Supplied information START

(* Let $d\ge1$, $\alpha_i\in(0,1/i]$ for all $i\in[d+1]$, $P=\mathbb Z_{\ge0}^{d+1}$, and let $t>\exp^{(5d+4)}(1)$ be an integer. Fix reals $a_u$ ($u\in L_t$) and extend them by $a_v:=\sum_{u\in L_t}p(v\to u)a_u$ for $v\in L_m$, $0\le m\le t$. For $j\in[d+1]$ let $\lambda_j:=\lfloor\log^{(2d+2-2j)}(t)\rfloor$ and for $i\in[d+1]$ let $S_j^{\ge i}$ be the set of elements of $L_{\lambda_j}$ with at least $i$ positive entries. Then for all $i,j_1,j_2\in[d+1]$ with $j_1<j_2$, $$\sum_{u\in S_{j_1}^{\ge i}}|a_u|\le\sum_{u\in S_{j_2}^{\ge i}}|a_u|.$$
   Context: Finite model: $P=\mathbb{Z}_{\ge0}^{d+1}$ with $u\le v$ iff $v-u\in\mathbb{Z}_{\ge0}^{d+1}$; $L_t$ = tuples with coordinate sum $t$; $\mathfrak p(v)$ = set of elements covered by $v$, so $|\mathfrak p(v)|$ is the number of positive coordinates of $v$. Path weights: each covering pair $u\lessdot v$ gives a directed edge $u\to v$ of weight $\alpha_{|\mathfrak p(v)|}$; $p(u\to v)$ is the sum over all directed paths from $u$ to $v$ of the product of edge weights, with $p(v\to v)=1$ and $p(u\to v)=0$ if $u\not\le v$. Notation: $\log^{(k)}$ and $\exp^{(k)}$ denote $k$-fold iterates ($\log^{(0)}$ is the identity). *)

theory Defs
  imports Complex_Main
begin

text \<open>Elements of P = Z_{>=0}^{d+1} are represented as functions v :: nat => nat
  with coordinates 0..d and v i = 0 for i > d.\<close>

definition level :: "nat \<Rightarrow> nat \<Rightarrow> (nat \<Rightarrow> nat) set" where
  "level d t = {v. (\<forall>i. d < i \<longrightarrow> v i = 0) \<and> (\<Sum>i\<le>d. v i) = t}"

definition npos :: "nat \<Rightarrow> (nat \<Rightarrow> nat) \<Rightarrow> nat" where
  "npos d v = card {i. i \<le> d \<and> 0 < v i}"

definition endpt :: "(nat \<Rightarrow> nat) \<Rightarrow> nat list \<Rightarrow> (nat \<Rightarrow> nat)" where
  "endpt u xs = (\<lambda>i. u i + count_list xs i)"

text \<open>Directed paths from u to v in the Hasse diagram (covering edges u -> u + e_i)
  correspond bijectively to lists of coordinate indices; the edge into w has weight
  alpha (npos w).  p u v is the total weight of all such paths (empty path: weight 1).\<close>
definition pathw :: "nat \<Rightarrow> (nat \<Rightarrow> real) \<Rightarrow> (nat \<Rightarrow> nat) \<Rightarrow> (nat \<Rightarrow> nat) \<Rightarrow> real" where
  "pathw d \<alpha> u v =
     (\<Sum>xs \<in> {xs. length xs = (\<Sum>i\<le>d. v i) - (\<Sum>i\<le>d. u i) \<and> set xs \<subseteq> {..d} \<and> endpt u xs = v}.
        \<Prod>k<length xs. \<alpha> (npos d (endpt u (take (Suc k) xs))))"

definition ext_val :: "nat \<Rightarrow> (nat \<Rightarrow> real) \<Rightarrow> nat \<Rightarrow> ((nat \<Rightarrow> nat) \<Rightarrow> real) \<Rightarrow> (nat \<Rightarrow> nat) \<Rightarrow> real" where
  "ext_val d \<alpha> t a v = (\<Sum>u\<in>level d t. pathw d \<alpha> v u * a u)"

definition lam :: "nat \<Rightarrow> nat \<Rightarrow> nat \<Rightarrow> nat" where
  "lam d t j = nat \<lfloor>(ln ^^ (2*d + 2 - 2*j)) (real t)\<rfloor>"

definition Sge :: "nat \<Rightarrow> nat \<Rightarrow> nat \<Rightarrow> nat \<Rightarrow> (nat \<Rightarrow> nat) set" where
  "Sge d t j i = {v \<in> level d (lam d t j). i \<le> npos d v}"

end

theory Submission
  imports Defs
begin

text \<open>Write \<open>A\<^sub>m\<close> for the sum of \<open>\<bar>a\<^sub>v\<bar>\<close> over the elements \<open>v\<close> of \<open>L\<^sub>m\<close> with at least \<open>i\<close>
  positive entries. For \<open>m < t\<close> the extension satisfies \<open>a\<^sub>v = \<Sum>\<^sub>k \<alpha>\<^bsub>|\<frak>p(v + e\<^sub>k)|\<^esub> a\<^bsub>v + e\<^sub>k\<^esub>\<close>,
  so \<open>A\<^sub>m\<close> is at most the sum of \<open>\<alpha>\<^bsub>|\<frak>p(w)|\<^esub> \<bar>a\<^sub>w\<bar>\<close> over the covering pairs \<open>v \<lessdot> w\<close>. Passing to
  \<open>w\<close> cannot lose positive entries, and each \<open>w\<close> covers exactly \<open>|\<frak>p(w)|\<close> elements, so this is
  at most \<open>\<Sum>\<^sub>w |\<frak>p(w)| \<alpha>\<^bsub>|\<frak>p(w)|\<^esub> \<bar>a\<^sub>w\<bar> \<le> A\<^sub>m\<^sub>+\<^sub>1\<close> because \<open>\<alpha>\<^sub>i \<le> 1/i\<close>. Hence \<open>A\<^sub>m\<close> is monotone
  on \<open>m \<le> t\<close>, and the levels \<open>\<lambda>\<^sub>j\<close> increase with \<open>j\<close> and stay below \<open>t\<close> because iterated
  logarithms of a large \<open>t\<close> decrease with the number of iterations.\<close>

lemma funpow_ln_gt_funpow_exp:
  fixes x :: real
  assumes "k \<le> N" "x > (exp ^^ N) 1"
  shows "(ln ^^ k) x > (exp ^^ (N - k)) 1"
  using assms(1)
proof (induction k)
  case 0
  then show ?case using assms(2) by simp
next
  case (Suc k)
  have N: "N - k = Suc (N - Suc k)" using Suc.prems by simp
  have "(ln ^^ k) x > exp ((exp ^^ (N - Suc k)) 1)" using Suc by (simp add: N)
  then have "ln ((ln ^^ k) x) > ln (exp ((exp ^^ (N - Suc k)) 1))"
    using less_trans[OF exp_gt_zero] by (subst ln_less_cancel_iff) auto
  then show ?case by simp
qed

lemma funpow_ln_antimono:
  fixes x :: real
  assumes "k2 \<le> k1" "k1 \<le> N" "x > (exp ^^ N) 1"
  shows "(ln ^^ k1) x \<le> (ln ^^ k2) x"
  using assms(1,2)
proof (induction k1 rule: dec_induct)
  case base
  then show ?case by simp
next
  case (step k)
  have "0 < (exp ^^ (N - k)) (1::real)" by (cases "N - k") auto
  then have "0 < (ln ^^ k) x" using funpow_ln_gt_funpow_exp[of k N x] step assms(3) by simp
  then have "ln ((ln ^^ k) x) \<le> (ln ^^ k) x" by (simp add: ln_less_self less_imp_le)
  then show ?case using step by simp
qed

lemma finite_level: "finite (level d m)"
proof (rule finite_subset)
  have "v x \<le> m" if "v \<in> level d m" "x \<le> d" for v x
  proof -
    have "v x \<le> (\<Sum>i\<le>d. v i)" using that(2) by (intro member_le_sum) auto
    then show ?thesis using that(1) by (simp add: level_def)
  qed
  then show "level d m \<subseteq> {f. \<forall>x. (x \<in> {..d} \<longrightarrow> f x \<in> {..m}) \<and> (x \<notin> {..d} \<longrightarrow> f x = 0)}"
    by (auto simp: level_def)
qed (intro finite_set_of_finite_funs; simp)

abbreviation incr_coord :: "(nat \<Rightarrow> nat) \<Rightarrow> nat \<Rightarrow> nat \<Rightarrow> nat" where
  "incr_coord v k \<equiv> v(k := Suc (v k))"

lemma sum_incr_coord:
  fixes v :: "nat \<Rightarrow> nat"
  assumes "k \<le> d"
  shows "(\<Sum>i\<le>d. incr_coord v k i) = Suc (\<Sum>i\<le>d. v i)"
proof -
  have "(\<Sum>i\<le>d. incr_coord v k i) = (\<Sum>i\<le>d. v i + (if i = k then 1 else 0))"
    by (intro sum.cong) auto
  also have "\<dots> = Suc (\<Sum>i\<le>d. v i)" using assms by (simp add: sum.distrib)
  finally show ?thesis .
qed

lemma incr_coord_in_level: "v \<in> level d m \<Longrightarrow> k \<le> d \<Longrightarrow> incr_coord v k \<in> level d (Suc m)"
  using sum_incr_coord[of k d v] by (auto simp: level_def)

lemma incr_coord_cancel:
  assumes "incr_coord v k = incr_coord v' k"
  shows "v = v'"
proof
  fix x
  show "v x = v' x" using fun_cong[OF assms, of x] by (cases "x = k") auto
qed

lemma npos_incr_coord: "npos d v \<le> npos d (incr_coord v k)"
  unfolding npos_def by (rule card_mono) auto

lemma npos_in_range:
  assumes "w \<in> level d (Suc m)"
  shows "npos d w \<in> {1..d+1}"
proof -
  have "npos d w \<le> card {..d}" unfolding npos_def by (rule card_mono) auto
  moreover have "\<exists>i\<le>d. 0 < w i"
    using assms by (auto simp: level_def intro: ccontr)
  then have "1 \<le> npos d w" unfolding npos_def by (auto simp: Suc_le_eq card_gt_0_iff)
  ultimately show ?thesis by simp
qed

definition walks :: "nat \<Rightarrow> (nat \<Rightarrow> nat) \<Rightarrow> (nat \<Rightarrow> nat) \<Rightarrow> nat list set" where
  "walks d v u = {xs. length xs = (\<Sum>i\<le>d. u i) - (\<Sum>i\<le>d. v i) \<and> set xs \<subseteq> {..d} \<and> endpt v xs = u}"

lemma finite_walks: "finite (walks d v u)"
  by (rule finite_subset[OF _ finite_lists_length_eq[of "{..d}" "(\<Sum>i\<le>d. u i) - (\<Sum>i\<le>d. v i)"]]) (auto simp: walks_def)

lemma endpt_Nil [simp]: "endpt v [] = v"
  by (simp add: endpt_def)

lemma endpt_Cons: "endpt v (k # ys) = endpt (incr_coord v k) ys"
  by (auto simp: endpt_def fun_eq_iff)

lemma walks_first_step:
  assumes "(\<Sum>i\<le>d. v i) < (\<Sum>i\<le>d. u i)"
  shows "walks d v u = (\<Union>k\<le>d. Cons k ` walks d (incr_coord v k) u)"
proof -
  have tail: "ys \<in> walks d (incr_coord v k) u" if "k # ys \<in> walks d v u" for k ys
    using that sum_incr_coord[of k d v] unfolding walks_def
    by (simp add: endpt_Cons del: fun_upd_apply, linarith)
  have Cons: "k # ys \<in> walks d v u" if "k \<le> d" "ys \<in> walks d (incr_coord v k) u" for k ys
    using that sum_incr_coord[of k d v] assms unfolding walks_def
    by (simp add: endpt_Cons del: fun_upd_apply)
  have nonempty: "xs \<noteq> []" if "xs \<in> walks d v u" for xs
    using that assms by (auto simp: walks_def)
  have "xs \<in> (\<Union>k\<le>d. Cons k ` walks d (incr_coord v k) u)" if "xs \<in> walks d v u" for xs
    using that nonempty[OF that] tail by (cases xs) (auto simp: walks_def)
  then show ?thesis using Cons by auto
qed

lemma pathw_first_step:
  assumes "(\<Sum>i\<le>d. v i) < (\<Sum>i\<le>d. u i)"
  shows "pathw d \<alpha> v u = (\<Sum>k\<le>d. \<alpha> (npos d (incr_coord v k)) * pathw d \<alpha> (incr_coord v k) u)"
proof -
  let ?weight = "\<lambda>v xs. \<Prod>k<length xs. \<alpha> (npos d (endpt v (take (Suc k) xs)))"
  have weight_Cons: "?weight v (k # ys) = \<alpha> (npos d (incr_coord v k)) * ?weight (incr_coord v k) ys"
    for k ys
    by (simp only: length_Cons prod.lessThan_Suc_shift) (simp add: endpt_Cons del: fun_upd_apply)
  have pathw_walks: "pathw d \<alpha> w u = (\<Sum>xs\<in>walks d w u. ?weight w xs)" for w
    by (simp add: pathw_def walks_def)
  have "pathw d \<alpha> v u = (\<Sum>xs\<in>(\<Union>k\<le>d. Cons k ` walks d (incr_coord v k) u). ?weight v xs)"
    by (simp only: pathw_walks walks_first_step[OF assms])
  also have "\<dots> = (\<Sum>k\<le>d. \<Sum>xs\<in>Cons k ` walks d (incr_coord v k) u. ?weight v xs)"
    by (rule sum.UNION_disjoint) (auto simp: finite_walks)
  also have "\<dots> = (\<Sum>k\<le>d. \<Sum>ys\<in>walks d (incr_coord v k) u. ?weight v (k # ys))"
    by (rule sum.cong[OF refl], subst sum.reindex) (auto simp: inj_on_def)
  also have "\<dots> = (\<Sum>k\<le>d. \<alpha> (npos d (incr_coord v k)) * pathw d \<alpha> (incr_coord v k) u)"
    by (simp only: weight_Cons) (simp add: pathw_walks sum_distrib_left)
  finally show ?thesis .
qed

lemma ext_val_first_step:
  assumes "(\<Sum>i\<le>d. v i) < t"
  shows "ext_val d \<alpha> t a v
    = (\<Sum>k\<le>d. \<alpha> (npos d (incr_coord v k)) * ext_val d \<alpha> t a (incr_coord v k))"
proof -
  have "ext_val d \<alpha> t a v
      = (\<Sum>u\<in>level d t. \<Sum>k\<le>d. \<alpha> (npos d (incr_coord v k)) * (pathw d \<alpha> (incr_coord v k) u * a u))"
    unfolding ext_val_def
    by (intro sum.cong refl) (use assms in \<open>simp add: level_def pathw_first_step sum_distrib_right mult.assoc\<close>)
  also have "\<dots> = (\<Sum>k\<le>d. \<alpha> (npos d (incr_coord v k)) * ext_val d \<alpha> t a (incr_coord v k))"
    by (subst sum.swap) (simp add: ext_val_def sum_distrib_left)
  finally show ?thesis .
qed

text \<open>Double counting of covering pairs: \<open>(v, k) \<mapsto> (v + e\<^sub>k, k)\<close> is injective, and \<open>k\<close> is then a
  positive coordinate of \<open>v + e\<^sub>k\<close>.\<close>

lemma sum_incr_coord_le_npos_sum:
  fixes G :: "(nat \<Rightarrow> nat) \<Rightarrow> real"
  assumes G_nonneg: "\<And>w. w \<in> level d (Suc m) \<Longrightarrow> 0 \<le> G w"
  shows "(\<Sum>v\<in>{v\<in>level d m. i \<le> npos d v}. \<Sum>k\<le>d. G (incr_coord v k))
       \<le> (\<Sum>w\<in>{w\<in>level d (Suc m). i \<le> npos d w}. real (npos d w) * G w)"
proof -
  define A where "A = {v\<in>level d m. i \<le> npos d v}"
  define B where "B = {w\<in>level d (Suc m). i \<le> npos d w}"
  define pos where "pos = (\<lambda>w :: nat \<Rightarrow> nat. {k. k \<le> d \<and> 0 < w k})"
  define cover where "cover p = (incr_coord (fst p) (snd p), snd p)" for p :: "(nat \<Rightarrow> nat) \<times> nat"
  have finB: "finite B" unfolding B_def using finite_level by simp
  have cover_inj: "inj_on cover (A \<times> {..d})"
    by (rule inj_onI) (auto simp: cover_def intro: incr_coord_cancel)
  have cover_into: "cover ` (A \<times> {..d}) \<subseteq> Sigma B pos"
  proof (rule image_subsetI)
    fix p assume "p \<in> A \<times> {..d}"
    then show "cover p \<in> Sigma B pos"
      using incr_coord_in_level[of "fst p" d m "snd p"] npos_incr_coord[of d "fst p" "snd p"]
      by (auto simp: cover_def A_def B_def pos_def)
  qed
  have "(\<Sum>v\<in>A. \<Sum>k\<le>d. G (incr_coord v k)) = (\<Sum>p\<in>A \<times> {..d}. G (fst (cover p)))"
    by (simp add: sum.cartesian_product cover_def case_prod_beta)
  also have "\<dots> = (\<Sum>q\<in>cover ` (A \<times> {..d}). G (fst q))"
    by (simp add: sum.reindex[OF cover_inj])
  also have "\<dots> \<le> (\<Sum>q\<in>Sigma B pos. G (fst q))"
    by (rule sum_mono2) (use finB cover_into G_nonneg in \<open>auto simp: B_def pos_def\<close>)
  also have "\<dots> = (\<Sum>w\<in>B. real (npos d w) * G w)"
    using sum.Sigma[OF finB, of pos "\<lambda>w k. G w"] by (simp add: pos_def npos_def split_def)
  finally show ?thesis unfolding A_def B_def .
qed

Supplied information END

Prompt — From the records above, copy out the line with "nat list \<Rightarrow>", the line with "nat \<lfloor>(ln ^^", and every line between them, word for word.

Answer section —
definition endpt :: "(nat \<Rightarrow> nat) \<Rightarrow> nat list \<Rightarrow> (nat \<Rightarrow> nat)" where
  "endpt u xs = (\<lambda>i. u i + count_list xs i)"

text \<open>Directed paths from u to v in the Hasse diagram (covering edges u -> u + e_i)
  correspond bijectively to lists of coordinate indices; the edge into w has weight
  alpha (npos w).  p u v is the total weight of all such paths (empty path: weight 1).\<close>
definition pathw :: "nat \<Rightarrow> (nat \<Rightarrow> real) \<Rightarrow> (nat \<Rightarrow> nat) \<Rightarrow> (nat \<Rightarrow> nat) \<Rightarrow> real" where
  "pathw d \<alpha> u v =
     (\<Sum>xs \<in> {xs. length xs = (\<Sum>i\<le>d. v i) - (\<Sum>i\<le>d. u i) \<and> set xs \<subseteq> {..d} \<and> endpt u xs = v}.
        \<Prod>k<length xs. \<alpha> (npos d (endpt u (take (Suc k) xs))))"

definition ext_val :: "nat \<Rightarrow> (nat \<Rightarrow> real) \<Rightarrow> nat \<Rightarrow> ((nat \<Rightarrow> nat) \<Rightarrow> real) \<Rightarrow> (nat \<Rightarrow> nat) \<Rightarrow> real" where
  "ext_val d \<alpha> t a v = (\<Sum>u\<in>level d t. pathw d \<alpha> v u * a u)"

definition lam :: "nat \<Rightarrow> nat \<Rightarrow> nat \<Rightarrow> nat" where
  "lam d t j = nat \<lfloor>(ln ^^ (2*d + 2 - 2*j)) (real t)\<rfloor>"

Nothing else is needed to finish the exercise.